Wednesday, March 18, 2009

Chiang Mai

Thailand falls outside of the scope of this blog, in that it's not actually a part of Shanghai. But on the other hand, proximity to South East Asia is one of the best parts of living in China. It's convenient to travel to, it's extremely cheap, and there's really a wide variety of attractions. I'll have a few posts concerning Thailand and Cambodia over the coming months, and I had a few posts about Bangkok, a couple years ago.

First I'll mention the city of Chiang Mai, in Northern Thailand, about a hundred miles from Yunnan and the southern border of China. Chiang Mai is a city of 1.3 million people that extends on and on, but the city center has something of the feel of a small city, only there's hundreds of ancient temples. I'm a big Buddhist religion nut, just walking around looking at the temples was so interesting:



Thai Buddhism is of a different variety than Northeastern Asia, and the temples are much more interesting (and even, mysterious) than the temples of China, which are the ugliest and most uninteresting temples in Asia - to be fair, Chinese temples usually don't get government funding or official encouragement, and were actively destroyed during the Cultural Revolution only 35 years ago. In Thai temples, there's many more statues, decorations are much more intricate, there's more worshipers, and there's iconography and interesting practices I tantalizingly only half-understand, like these ropes tying together the Buddhas.



While I found the temples to be the highlight, and also the most fun to photograph, Chiang Mai is simply a pleasant city to be. I could easily imagine spending an entire vacation there. People are friendly, the weather's beautiful, tourist infrastructure and foreigner-oriented businesses are extensive but easy to get away from, and there's a lot of different sites and activities. There's a lot of interesting markets, I tried a very fun one-day Thai cooking school, also there's popular treks around the area, often multi-day excursions amongst hill tribes. While I had to leave the longer treks for a future visit, I took a one-day trek where, amongst other things, I went around the Thai countryside on an elephant.

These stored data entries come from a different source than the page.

text \<open>Under \<open>p\<^sub>1 p\<^sub>2 = \<lambda>{1,2}\<close> the two receptions are independent, and the point equations
  propagate the product form from \<open>(1, 1)\<close> to every age pair.\<close>

lemma product_form:
  assumes indep: "(pmf \<Lambda> {1} + pmf \<Lambda> {1, 2}) * (pmf \<Lambda> {2} + pmf \<Lambda> {1, 2}) = pmf \<Lambda> {1, 2}"
  shows "pmf \<pi> (Suc i, Suc j) = pmf (map_pmf fst \<pi>) (Suc i) * pmf (map_pmf snd \<pi>) (Suc j)"
proof -
  define p1 where "p1 = pmf \<Lambda> {1} + pmf \<Lambda> {1, 2}"
  define p2 where "p2 = pmf \<Lambda> {2} + pmf \<Lambda> {1, 2}"
  have sum: "pmf \<Lambda> {} + pmf \<Lambda> {1} + pmf \<Lambda> {2} + pmf \<Lambda> {1, 2} = 1" by (rule receivers_sum[OF supp])
  have both: "pmf \<Lambda> {1, 2} = p1 * p2" using indep by (simp add: p1_def p2_def)
  have only1: "pmf \<Lambda> {1} = p1 * (1 - p2)" and only2: "pmf \<Lambda> {2} = p2 * (1 - p1)"
    and none: "pmf \<Lambda> {} = (1 - p1) * (1 - p2)"
    using sum both by (simp_all add: p1_def p2_def algebra_simps)
  note p = reset_probabilities[folded p1_def p2_def]
  note marg = marginals_geometric[OF pos1 pos2, folded p1_def p2_def]
  have fst_Suc: "pmf (map_pmf fst \<pi>) (Suc n) = (1 - p1) ^ n * p1"
    and snd_Suc: "pmf (map_pmf snd \<pi>) (Suc n) = (1 - p2) ^ n * p2" for n
    using p by (simp_all add: marg pmf_map_inj')
  show ?thesis
  proof (induction i arbitrary: j)
    case 0
    show ?case
    proof (cases j)
      case 0
      then show ?thesis using pmf_ages_1_1 both by (simp add: fst_Suc snd_Suc)
    next
      case (Suc k)
      then show ?thesis
        using pmf_ages_1_Suc[of "Suc k", unfolded only1] by (simp add: fst_Suc snd_Suc)
    qed
  next
    case (Suc i)
    show ?case
    proof (cases j)
      case 0
      then show ?thesis
        using pmf_ages_Suc_1[of "Suc i", unfolded only2] by (simp add: fst_Suc snd_Suc)
    next
      case (Suc k)
      then show ?thesis
        using pmf_ages_Suc_Suc[of "Suc i" "Suc k"] Suc.IH[of k]
        by (simp add: fst_Suc snd_Suc none mult_ac)
    qed
  qed
qed

end

end

lemma covariance_from_moment_equations:
  fixes l0 l1 l2 l12 e1 e2 m :: real
  assumes sum: "l0 + l1 + l2 + l12 = 1" and pos: "l1 + l12 > 0" "l2 + l12 > 0" "l0 < 1"
    and e1: "e1 * (l1 + l12) = 1" and e2: "e2 * (l2 + l12) = 1"
    and m: "m = (m + e1 + e2 + 1) * l0 + (e2 + 1) * l1 + (e1 + 1) * l2 + l12"
  shows "m - e1 * e2 = (l0 * l12 - l1 * l2) / ((l1 + l12) * (l2 + l12) * (1 - l0))"
proof -
  have l12: "l12 = 1 - l0 - l1 - l2" using sum by simp
  have m': "m * (1 - l0) = l0 * (e1 + e2) + l1 * e2 + l2 * e1 + 1"
    using m sum by (simp add: algebra_simps l12)
  have "(m - e1 * e2) * ((l1 + l12) * (l2 + l12) * (1 - l0))
        = (m * (1 - l0)) * (l1 + l12) * (l2 + l12) - (e1 * (l1 + l12)) * (e2 * (l2 + l12)) * (1 - l0)"
    by (simp add: algebra_simps)
  also have "\<dots> = (l0 * (e1 + e2) + l1 * e2 + l2 * e1 + 1) * (l1 + l12) * (l2 + l12) - (1 - l0)"
    by (simp add: m' e1 e2)
  also have "\<dots> = l0 * ((e1 * (l1 + l12)) * (l2 + l12) + (e2 * (l2 + l12)) * (l1 + l12))
       + l1 * (e2 * (l2 + l12)) * (l1 + l12) + l2 * (e1 * (l1 + l12)) * (l2 + l12)
       + (l1 + l12) * (l2 + l12) - (1 - l0)"
    by (simp add: algebra_simps)
  also have "\<dots> = l0 * ((l2 + l12) + (l1 + l12)) + l1 * (l1 + l12) + l2 * (l2 + l12)
       + (l1 + l12) * (l2 + l12) - (1 - l0)"
    by (simp only: e1 e2 mult_1_left)
  also have "\<dots> = l0 * l12 - l1 * l2"
    by (simp add: l12 algebra_simps)
  finally show ?thesis using pos by (simp add: eq_divide_eq)
qed

lemma reception_independence_defect:
  fixes l0 l1 l2 l12 :: real
  assumes "l0 + l1 + l2 + l12 = 1"
  shows "(l1 + l12) * (l2 + l12) - l12 = - (l0 * l12 - l1 * l2)"
proof -
  have "(l1 + l12) * (l2 + l12) - l12 + (l0 * l12 - l1 * l2) = l12 * (l0 + l1 + l2 + l12 - 1)"
    by (simp add: algebra_simps)
  then show ?thesis using assms by simp
qed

I didn't run across any Thai restaurants that I would call excellent, but there was a whole lot of very good, very cheap street food. Here's a typical bowl of Chicken Pad Thai, it's available just about anywhere in Chiang Mai, or really any Thai city:



There's a large Chinese presence throughout Thailand, although it's diluted by being several generations removed from any large wave of immigration. Still, particularly in Bangkok and Northern China, it was normal to see houses and stores with Chinese decorations, most commonly these talismans:



If I have complaints about Thailand, one would be that I was stranded there, by myself, by the infamous airport protests, and the second would be that it's so convenient, fun, and inexpensive to visit, I find myself measuring trips within China against just going to visit Thailand. Really, it's generally cheaper to go to Bangkok than to Sichuan.